• [Work task]:
Should a line below contain the word "dictionary", report it.

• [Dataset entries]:
definition property_D :: "('a, 'b) monoid_scheme \<Rightarrow> 'a set \<Rightarrow> (nat \<Rightarrow> 'a set) \<Rightarrow> real \<Rightarrow> bool" where
  "property_D G S H \<alpha> \<longleftrightarrow>
     (\<exists>C>0. \<forall>k\<ge>1. real (cay_diam G S (H k)) \<ge> C * real (card (RCOSETS G (H k))) powr \<alpha>)"

definition Zinv :: "nat \<Rightarrow> rat set" where
  "Zinv m = {r. \<exists>a::int. \<exists>j::nat. r = of_int a / of_nat m ^ j}"

text \<open>G_m: the matrix (m^k, r; 0, 1) is represented by the pair (k, r);
  the multiplication is the matrix multiplication
  (m^k, r; 0,1)(m^l, s; 0,1) = (m^(k+l), m^k s + r; 0, 1).\<close>
definition Gm :: "nat \<Rightarrow> (int \<times> rat) monoid" where
  "Gm m = \<lparr> carrier = {(k, r). r \<in> Zinv m},
            monoid.mult = (\<lambda>(k, r) (l, s). (k + l, (of_nat m) powi k * s + r)),
            monoid.one = (0, 0) \<rparr>"

text \<open>The generators A = (1,1;0,1) and T = (m,0;0,1).\<close>
definition genA :: "int \<times> rat" where "genA = (0, 1)"
definition genT :: "int \<times> rat" where "genT = (1, 0)"

text \<open>Reduction Z[1/m] -> Z/NZ (via Z[1/m]/N Z[1/m] = Z/NZ), with values in {0..N-1}.\<close>
definition red :: "nat \<Rightarrow> nat \<Rightarrow> rat \<Rightarrow> int" where
  "red m N x = (THE c. 0 \<le> c \<and> c < int N \<and> (\<exists>y\<in>Zinv m. x - of_int c = of_nat N * y))"

text \<open>G_m(N): the kernel of the reduction map G_m -> GL_2(Z/NZ), i.e. the elements whose
  reduced matrix (red(m^k), red(r); 0, 1) is the identity matrix.\<close>
definition Gm_cong :: "nat \<Rightarrow> nat \<Rightarrow> (int \<times> rat) set" where
  "Gm_cong m N = {(k, r) \<in> carrier (Gm m).
      red m N ((of_nat m) powi k) = red m N 1 \<and> red m N r = red m N 0}"

definition arith_seq :: "nat \<Rightarrow> (nat \<Rightarrow> nat) \<Rightarrow> bool" where
  "arith_seq m N \<longleftrightarrow>
     (\<forall>k\<ge>1. 2 \<le> N k \<and> coprime (N k) m \<and> N k < N (Suc k) \<and> N k dvd N (Suc k))"

abbreviation arith_box :: "nat \<Rightarrow> (nat \<Rightarrow> nat) \<Rightarrow> nat \<Rightarrow> (int \<times> rat) set" where
  "arith_box m N \<equiv> (\<lambda>k. Gm_cong m (N k))"

end
(* For every $q\in(1,2]$ there exist a real Banach space $X$ whose modulus of smoothness satisfies $\rho(u,X)\le\gamma u^q$ for all $u\ge0$ (for some constant $\gamma>0$) and a dictionary $\mathcal D\subset X$ such that for every integer $m\ge1$ there is $f\in X$, $f\neq0$, with $\|f\|_{A_1(\mathcal D)}<\infty$, such that for every $\alpha\in[0,1]$, $$\frac{\sigma_m(f,\mathcal D)_X}{\|f\|_X^{1-\alpha}\|f\|_{A_1(\mathcal D)}^{\alpha}}\ge\frac12 m^{-\alpha/p},\qquad p:=\frac q{q-1}.$$
   Context: The modulus of smoothness is $\rho(u,X):=\sup_{\|x\|=\|y\|=1}\bigl(\tfrac12(\|x+uy\|+\|x-uy\|)-1\bigr)$. A (symmetric) dictionary is a set $\mathcal D\subset X$ of unit-norm elements with dense span and $g\in\mathcal D\Rightarrow-g\in\mathcal D$. $A_1(\mathcal D)$ is the closed convex hull of $\mathcal D$ and $\|f\|_{A_1(\mathcal D)}:=\inf\{M:f/M\in A_1(\mathcal D)\}$. $\Sigma_m(\mathcal D):=\{\sum_{i=1}^m c_ig_i: g_i\in\mathcal D, c_i\in\mathbb R\}$ and $\sigma_m(f,\mathcal D)_X:=\inf_{h\in\Sigma_m(\mathcal D)}\|f-h\|_X$ is the best $m$-term approximation. *)

theory Defs
  imports "HOL-Analysis.Analysis" "HOL-Library.Function_Algebras"
begin

text \<open>Ambient vector space: real sequences, with pointwise scalar multiplication.
  Every real vector space of dimension at most the continuum (in particular every
  separable Banach space) is linearly isomorphic to a subspace of it.\<close>

instantiation "fun" :: (type, real_vector) real_vector
begin
definition scaleR_fun :: "real \<Rightarrow> ('a \<Rightarrow> 'b) \<Rightarrow> 'a \<Rightarrow> 'b"
  where "scaleR_fun c f = (\<lambda>x. c *\<^sub>R f x)"
instance
  by standard (auto simp: scaleR_fun_def fun_eq_iff scaleR_add_right scaleR_add_left)
end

• [Finished task]:
(* For every $q\in(1,2]$ there exist a real Banach space $X$ whose modulus of smoothness satisfies $\rho(u,X)\le\gamma u^q$ for all $u\ge0$ (for some constant $\gamma>0$) and a dictionary $\mathcal D\subset X$ such that for every integer $m\ge1$ there is $f\in X$, $f\neq0$, with $\|f\|_{A_1(\mathcal D)}<\infty$, such that for every $\alpha\in[0,1]$, $$\frac{\sigma_m(f,\mathcal D)_X}{\|f\|_X^{1-\alpha}\|f\|_{A_1(\mathcal D)}^{\alpha}}\ge\frac12 m^{-\alpha/p},\qquad p:=\frac q{q-1}.$$
   Context: The modulus of smoothness is $\rho(u,X):=\sup_{\|x\|=\|y\|=1}\bigl(\tfrac12(\|x+uy\|+\|x-uy\|)-1\bigr)$. A (symmetric) dictionary is a set $\mathcal D\subset X$ of unit-norm elements with dense span and $g\in\mathcal D\Rightarrow-g\in\mathcal D$. $A_1(\mathcal D)$ is the closed convex hull of $\mathcal D$ and $\|f\|_{A_1(\mathcal D)}:=\inf\{M:f/M\in A_1(\mathcal D)\}$. $\Sigma_m(\mathcal D):=\{\sum_{i=1}^m c_ig_i: g_i\in\mathcal D, c_i\in\mathbb R\}$ and $\sigma_m(f,\mathcal D)_X:=\inf_{h\in\Sigma_m(\mathcal D)}\|f-h\|_X$ is the best $m$-term approximation. *)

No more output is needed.